© Thomas Mailund 2019
Thomas MailundR Data Science Quick Referencehttps://doi.org/10.1007/978-1-4842-4894-2_11

11. Working with Models: broom and modelr

Thomas Mailund1 
(1)
Aarhus, Denmark
 

There are many models to which you can fit your data, from classical statistical models to modern machine learning methods, and a thorough exploration of R packages that support this is well beyond the scope of this book. The main concern when choosing and fitting models is not the syntax, and this book is, after all, a syntax reference. We will look at two packages that aim at making a tidy interface to models.

The two packages, broom and modelr, are not loaded with tidyverse so you must load them individually.
library(broom)
library(modelr)

broom

When you fit a model, you get an object in return that holds information about the data and the fit. This data is represented in different ways—it depends on the implementation of the function used to fit the data.

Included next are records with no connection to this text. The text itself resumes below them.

lemma inv_form_smult_right: "inv_form x (c *s y) = c * inv_form x y"
  by (simp add: inv_form_def pair_smult_right sum_distrib_left algebra_simps)

lemma inv_form_uminus_right: "inv_form x (- y) = - inv_form x y"
  by (simp add: inv_form_def pair_def sum_negf)

lemma inv_form_sum_right: "inv_form x (sum f A) = (\<Sum>i\<in>A. inv_form x (f i))"
  by (induction A rule: infinite_finite_induct) (simp_all add: inv_form_add_right inv_form_def[of x 0])

lemma inv_form_refl:
  assumes "a \<in> R"
  shows "inv_form (refl cor a x) (refl cor a y) = inv_form x y"
proof -
  have "bij_betw (refl_dual cor a) R R"
    by (rule bij_betwI[where g = "refl_dual cor a"]) (auto simp: assms refl_dual_root refl_dual_refl_dual)
  then show ?thesis
    unfolding inv_form_def pair_refl by (rule sum.reindex_bij_betw)
qed

lemma inv_form_refl_right: "a \<in> R \<Longrightarrow> inv_form x (refl cor a y) = inv_form (refl cor a x) y"
  using inv_form_refl[of a x "refl cor a y"] refl_refl by simp

lemma inv_form_coroot:
  assumes a: "a \<in> R"
  shows "2 * inv_form x (cor a) = pair a x * coroot_norm a"
proof -
  have "inv_form (x + (- pair a x) *s cor a) (- cor a) = inv_form x (cor a)"
    using inv_form_refl[OF a, of x "cor a"] by (simp add: refl_coroot_self a refl_eq_add[of a x])
  then show ?thesis
    by (simp add: inv_form_add_left inv_form_uminus_right inv_form_smult_left coroot_norm_def)
qed

lemma coroot_norm_pos: "a \<in> R \<Longrightarrow> coroot_norm a > 0"
proof -
  assume a: "a \<in> R"
  have "pair a (cor a) * pair a (cor a) \<le> coroot_norm a"
    unfolding coroot_norm_def inv_form_def using a finite_roots by (intro member_le_sum) auto
  then show ?thesis
    using pair_coroot[OF a] by simp
qed

text \<open>The coroot of s_a(b) is s_a applied to the coroot of b.  The datum only says that it is
  the coroot of some root c; pairing with the invariant form identifies c.\<close>

lemma coroot_refl_dual:
  assumes a: "a \<in> R" and b: "b \<in> R"
  shows "cor (refl_dual cor a b) = refl cor a (cor b)"
proof -
  obtain c where c: "c \<in> R" "refl cor a (cor b) = cor c"
    using refl_coroot[OF a b] by blast
  have norm_c: "coroot_norm c = coroot_norm b"
    unfolding coroot_norm_def using c(2)[symmetric] inv_form_refl[OF a] by simp
  have "pair c x = pair (refl_dual cor a b) x" for x
  proof -
    have "pair c x * coroot_norm b = 2 * inv_form x (cor c)"
      using inv_form_coroot[OF c(1)] norm_c by simp
    also have "\<dots> = 2 * inv_form (refl cor a x) (cor b)"
      using c(2) inv_form_refl_right[OF a] by metis
    also have "\<dots> = pair (refl_dual cor a b) x * coroot_norm b"
      using inv_form_coroot[OF b] pair_refl by simp
    finally show ?thesis
      using coroot_norm_pos[OF b] by simp
  qed
  then have "c = refl_dual cor a b"
    by (rule pair_ext_left)
  then show ?thesis
    using c by simp
qed

lemma refl_uminus:
  assumes "a \<in> R"
  shows "refl cor (- a) x = refl cor a x"
proof -
  have "cor (- a) = - cor a"
    using coroot_refl_dual[OF assms assms] refl_dual_self refl_coroot_self assms by simp
  then show ?thesis
    by (simp add: refl_def pair_uminus_left vec_eq_iff)
qed

lemma refl_refl_dual:
  assumes a: "a \<in> R" and b: "b \<in> R"
  shows "refl cor (refl_dual cor a b) x = refl cor a (refl cor b (refl cor a x))"
proof -
  have "refl cor a (refl cor b (refl cor a x))
      = refl cor a (refl cor a x - pair b (refl cor a x) *s cor b)"
    by (simp add: refl_def)
  also have "\<dots> = x - pair b (refl cor a x) *s refl cor a (cor b)"
    by (simp add: refl_diff refl_smult refl_refl a)
  also have "\<dots> = refl cor (refl_dual cor a b) x"
    by (simp only: refl_def[of cor "refl_dual cor a b" x] coroot_refl_dual[OF a b] pair_refl)
  finally show ?thesis
    by simp
qed

lemma simple_coroots_independent:
  assumes zero: "(\<Sum>s\<in>S. g s *s cor s) = 0" and s: "s \<in> S"
  shows "g s = 0"
proof -
  have "pair (\<Sum>t\<in>S. (g t * coroot_norm t) *s t) x = 0" for x
  proof -
    have "pair (\<Sum>t\<in>S. (g t * coroot_norm t) *s t) x = (\<Sum>t\<in>S. g t * (pair t x * coroot_norm t))"
      by (simp add: pair_sum_left pair_smult_left algebra_simps)
    also have "\<dots> = (\<Sum>t\<in>S. g t * (2 * inv_form x (cor t)))"
      using base_subset by (intro sum.cong) (auto simp: inv_form_coroot)
    also have "\<dots> = 2 * inv_form x (\<Sum>t\<in>S. g t *s cor t)"
      by (simp add: inv_form_sum_right inv_form_smult_right sum_distrib_left algebra_simps)
    finally show ?thesis
      using zero by (simp add: inv_form_def)
  qed
  then have "(\<Sum>t\<in>S. (g t * coroot_norm t) *s t) = 0"
    by (intro pair_ext_left) simp
  from base_independent[OF this s] show ?thesis
    using coroot_norm_pos[of s] s base_subset by auto
qed

lemma simple_coroot_coeffs_unique:
  assumes "(\<Sum>s\<in>S. f s *s cor s) = (\<Sum>s\<in>S. g s *s cor s)" and "s \<in> S"
  shows "f s = g s"
proof -
  have "(\<Sum>s\<in>S. (f s - g s) *s cor s) = 0"
    using assms(1) by (simp add: sum_subtractf)
  from simple_coroots_independent[OF this assms(2)] show ?thesis
    by simp
qed

subsection \<open>The dominance order\<close>

abbreviation coweight_leq :: "int^'n \<Rightarrow> int^'n \<Rightarrow> bool" (infix "\<preceq>" 50) where
  "x \<preceq> y \<equiv> coweight_le S cor x y"

lemma coweight_le_refl: "x \<preceq> x"
  unfolding coweight_le_def by (rule exI[of _ "\<lambda>_. 0"]) simp

lemma coweight_le_add:
  assumes "x \<preceq> y" and "x' \<preceq> y'"
  shows "x + x' \<preceq> y + y'"
proof -
  obtain f where f: "y - x = (\<Sum>s\<in>S. int (f s) *s cor s)"
    using assms(1) by (auto simp: coweight_le_def)
  obtain g where g: "y' - x' = (\<Sum>s\<in>S. int (g s) *s cor s)"
    using assms(2) by (auto simp: coweight_le_def)
  have "(y + y') - (x + x') = (\<Sum>s\<in>S. int (f s + g s) *s cor s)"
    using f g by (simp add: sum.distrib algebra_simps)
  then show ?thesis
    unfolding coweight_le_def by (rule exI[of _ "\<lambda>s. f s + g s"])
qed

lemma coweight_le_trans:
  assumes "x \<preceq> y" and "y \<preceq> z"
  shows "x \<preceq> z"
  using coweight_le_add[OF assms] by (simp add: coweight_le_def)

lemma coweight_le_smult:
  assumes "x \<preceq> y" and "k \<ge> 0"
  shows "k *s x \<preceq> k *s y"
proof -
  obtain f where f: "y - x = (\<Sum>s\<in>S. int (f s) *s cor s)"
    using assms(1) by (auto simp: coweight_le_def)
  have "k *s y - k *s x = k *s (\<Sum>s\<in>S. int (f s) *s cor s)"
    using f by (simp add: vector_ssub_ldistrib[symmetric])
  also have "\<dots> = (\<Sum>s\<in>S. int (nat k * f s) *s cor s)"
    using assms(2) by (simp add: sum_cmul[symmetric] vector_smult_assoc)
  finally show ?thesis
    unfolding coweight_le_def by (rule exI[of _ "\<lambda>s. nat k * f s"])
qed

lemma coweight_le_add_coroot:
  assumes "s \<in> S" and "k \<ge> 0"
  shows "x \<preceq> x + k *s cor s"
proof -
  have "(x + k *s cor s) - x = (\<Sum>t\<in>S. int (if t = s then nat k else 0) *s cor t)"
    using sum_if_eq_smult[OF finite_base assms(1), of k cor] assms(2)
    by (simp add: if_distrib[of int] cong: if_cong)
  then show ?thesis
    unfolding coweight_le_def by (rule exI[of _ "\<lambda>t. if t = s then nat k else 0"])
qed

lemma coweight_le_antisym:
  assumes "x \<preceq> y" and "y \<preceq> x"
  shows "x = y"
proof -
  obtain f where f: "y - x = (\<Sum>s\<in>S. int (f s) *s cor s)"
    using assms(1) by (auto simp: coweight_le_def)
  obtain g where g: "x - y = (\<Sum>s\<in>S. int (g s) *s cor s)"
    using assms(2) by (auto simp: coweight_le_def)
  have "(\<Sum>s\<in>S. (int (f s) + int (g s)) *s cor s) = (y - x) + (x - y)"
    using f g by (simp add: sum.distrib)
  also have "\<dots> = 0"
    by simp
  finally have "\<forall>s\<in>S. f s = 0"
    using simple_coroots_independent by fastforce
  then show ?thesis
    using f by simp
qed

text \<open>Division by k is possible because y - x already lies in the coroot lattice.\<close>

lemma coweight_le_cancel_smult:
  assumes "k > 0" and "w \<preceq> x" and "w \<preceq> y" and "k *s x \<preceq> k *s y"
  shows "x \<preceq> y"
proof -
  obtain f where f: "x - w = (\<Sum>s\<in>S. int (f s) *s cor s)"
    using assms(2) by (auto simp: coweight_le_def)
  obtain g where g: "y - w = (\<Sum>s\<in>S. int (g s) *s cor s)"
    using assms(3) by (auto simp: coweight_le_def)
  obtain h where h: "k *s y - k *s x = (\<Sum>s\<in>S. int (h s) *s cor s)"
    using assms(4) by (auto simp: coweight_le_def)
  have diff: "y - x = (\<Sum>s\<in>S. (int (g s) - int (f s)) *s cor s)"
    using f g by (simp add: sum_subtractf algebra_simps)
  have "(\<Sum>s\<in>S. (k * (int (g s) - int (f s))) *s cor s) = k *s (y - x)"
    unfolding diff sum_cmul[symmetric] by (simp only: vector_smult_assoc)
  also have "\<dots> = (\<Sum>s\<in>S. int (h s) *s cor s)"
    using h by (simp add: vector_ssub_ldistrib)
  finally have "(\<Sum>s\<in>S. (k * (int (g s) - int (f s))) *s cor s) = (\<Sum>s\<in>S. int (h s) *s cor s)" .
  then have "k * (int (g s) - int (f s)) = int (h s)" if "s \<in> S" for s
    using simple_coroot_coeffs_unique[of "\<lambda>s. k * (int (g s) - int (f s))" "\<lambda>s. int (h s)"] that
    by blast
  then have "\<forall>s\<in>S. int (g s) - int (f s) \<ge> 0"
    using assms(1) by (metis of_nat_0_le_iff zero_le_mult_iff not_less)
  then have "y - x = (\<Sum>s\<in>S. int (nat (int (g s) - int (f s))) *s cor s)"
    unfolding diff by (intro sum.cong) auto
  then show ?thesis
    unfolding coweight_le_def by (rule exI[of _ "\<lambda>s. nat (int (g s) - int (f s))"])
qed

subsection \<open>Words in the simple reflections\<close>

primrec refl_word :: "(int^'n) list \<Rightarrow> int^'n \<Rightarrow> int^'n" where
  "refl_word [] x = x"
| "refl_word (a # L) x = refl cor a (refl_word L x)"

primrec refl_dual_word :: "(int^'n) list \<Rightarrow> int^'n \<Rightarrow> int^'n" where
  "refl_dual_word [] b = b"
| "refl_dual_word (a # L) b = refl_dual cor a (refl_dual_word L b)"

lemma refl_word_append: "refl_word (L @ M) x = refl_word L (refl_word M x)"
  by (induction L) auto

lemma refl_dual_word_append: "refl_dual_word (L @ M) b = refl_dual_word L (refl_dual_word M b)"
  by (induction L) auto

lemma refl_word_add: "refl_word L (x + y) = refl_word L x + refl_word L y"
  by (induction L) (auto simp: refl_add)

lemma refl_word_smult: "refl_word L (c *s x) = c *s refl_word L x"
  by (induction L) (auto simp: refl_smult)

lemma inv_form_refl_word: "set L \<subseteq> R \<Longrightarrow> inv_form (refl_word L x) (refl_word L y) = inv_form x y"
  by (induction L) (auto simp: inv_form_refl)

lemma refl_word_rev: "set L \<subseteq> R \<Longrightarrow> refl_word (rev L) (refl_word L x) = x"
  by (induction L arbitrary: x) (auto simp: refl_word_append refl_refl)

lemma pair_refl_word: "pair b (refl_word L x) = pair (refl_dual_word (rev L) b) x"
  by (induction L arbitrary: b) (auto simp: pair_refl refl_dual_word_append)

lemma refl_dual_word_root: "set L \<subseteq> R \<Longrightarrow> b \<in> R \<Longrightarrow> refl_dual_word L b \<in> R"
  by (induction L) (auto simp: refl_dual_root)

lemma refl_refl_dual_word:
  "set L \<subseteq> R \<Longrightarrow> b \<in> R \<Longrightarrow>
    refl cor (refl_dual_word L b) x = refl_word L (refl cor b (refl_word (rev L) x))"
  by (induction L arbitrary: x) (auto simp: refl_refl_dual refl_dual_word_root refl_word_append)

For a linear model, for example, we get this information:
model <- lm(disp ~ hp + wt, data = mtcars)
summary(model)
##
## Call:
## lm(formula = disp ~ hp + wt, data = mtcars)
##
## Residuals:
##     Min      1Q Median    3Q    Max
## -82.565 -23.802 2.111 35.731 99.107
##
## Coefficients:
##              Estimate Std. Error t value Pr(>|t|)
## (Intercept) -129.9506    29.1890  -4.452 0.000116
## hp             0.6578     0.1649   3.990 0.000411
## wt            82.1125    11.5518   7.108 8.04e-08
##
## (Intercept) ***
## hp          ***
## wt          ***
## ---
## Signif. codes:
## 0 '***' 0.001 '**' 0.01 '*' 0.05 '.' 0.1 ' ' 1
##
## Residual standard error: 47.35 on 29 degrees of freedom
## Multiple R-squared: 0.8635, Adjusted R-squared:   0.8541
## F-statistic: 91.71 on 2 and 29 DF, p-value: 2.889e-13
The problem with this representation is that it can be difficult to extract relevant data because the data isn’t tidy. The broom package fixes this. It defines three generic function, tidy() , glance(), and augment(). These functions return tibbles. The first gives you the fit, the second a summary of how good the fit is, and the third gives you the original data augmented with fit summaries.
tidy(model) # transform to tidy tibble
## # A tibble: 3 x 5
##   term      estimate std.error statistic   p.value
##   <chr>        <dbl>     <dbl>     <dbl>     <dbl>
## 1 (Interce...  -130.      29.2     -4.45   1.16e-4
## 2 hp              0.658    0.165    3.99   4.11e-4
## 3 wt             82.1     11.6      7.11   8.04e-8
glance(model) # model summaries
## # A tibble: 1 x 11
##   r.squared adj.r.squared sigma statistic    p.value
##       <dbl>         <dbl> <dbl>     <dbl>      <dbl>
## 1     0.863         0.854  47.3      91.7   2.89e-13
## # ...  with 6 more variables: df <int>,
## #  logLik <dbl>, AIC <dbl>, BIC <dbl>,
## #  deviance <dbl>, df.residual <int>
augment(model) # add model info to data
## # A tibble: 32 x 11
##    .rownames    disp    hp     wt    .fitted  .se.fit
##    <chr>       <dbl>   <dbl>  <dbl>    <dbl>    <dbl>
##  1 Mazda RX4     160     110   2.62     158.     9.96
##  2 Mazda RX. . . 160     110   2.88     178.     9.53
##  3 Datsun 7. . . 108      93   2.32     122.    11.6
##  4 Hornet 4. . . 258     110   3.22     206.    10.3
##  5 Hornet S. . . 360     175   3.44     268.     9.09
##  6 Valiant       225     105   3.46     223.    12.3
##  7 Duster 3. . . 360     245   3.57     324.    16.2
##  8 Merc 240D     147.     62   3.19     173.    16.1
##  9 Merc 230      141.     95   3.15     191.    11.6
## 10 Merc 280      168.    123   3.44     233.    10.3
## # . . . with 22 more rows, and 5 more variables:
## #   .resid <dbl>, .hat <dbl>, .sigma <dbl>,
## #   .cooksd <dbl>, .std.resid <dbl>

The broom package implements specializations for most models. Not all of the three functions are meaningful for all models, so some models only have a subset of the functions. If you want your own model to work with broom, let us call it mymodel, then you have to implement specializations of the functions, tidy.mymodel(), glance.mymodel(), and augment.mymodel(), that are relevant for the model.

modelr

The modelr package also provides functionality for fitting and inspecting models and for extracting information about model fits. We start with the latter.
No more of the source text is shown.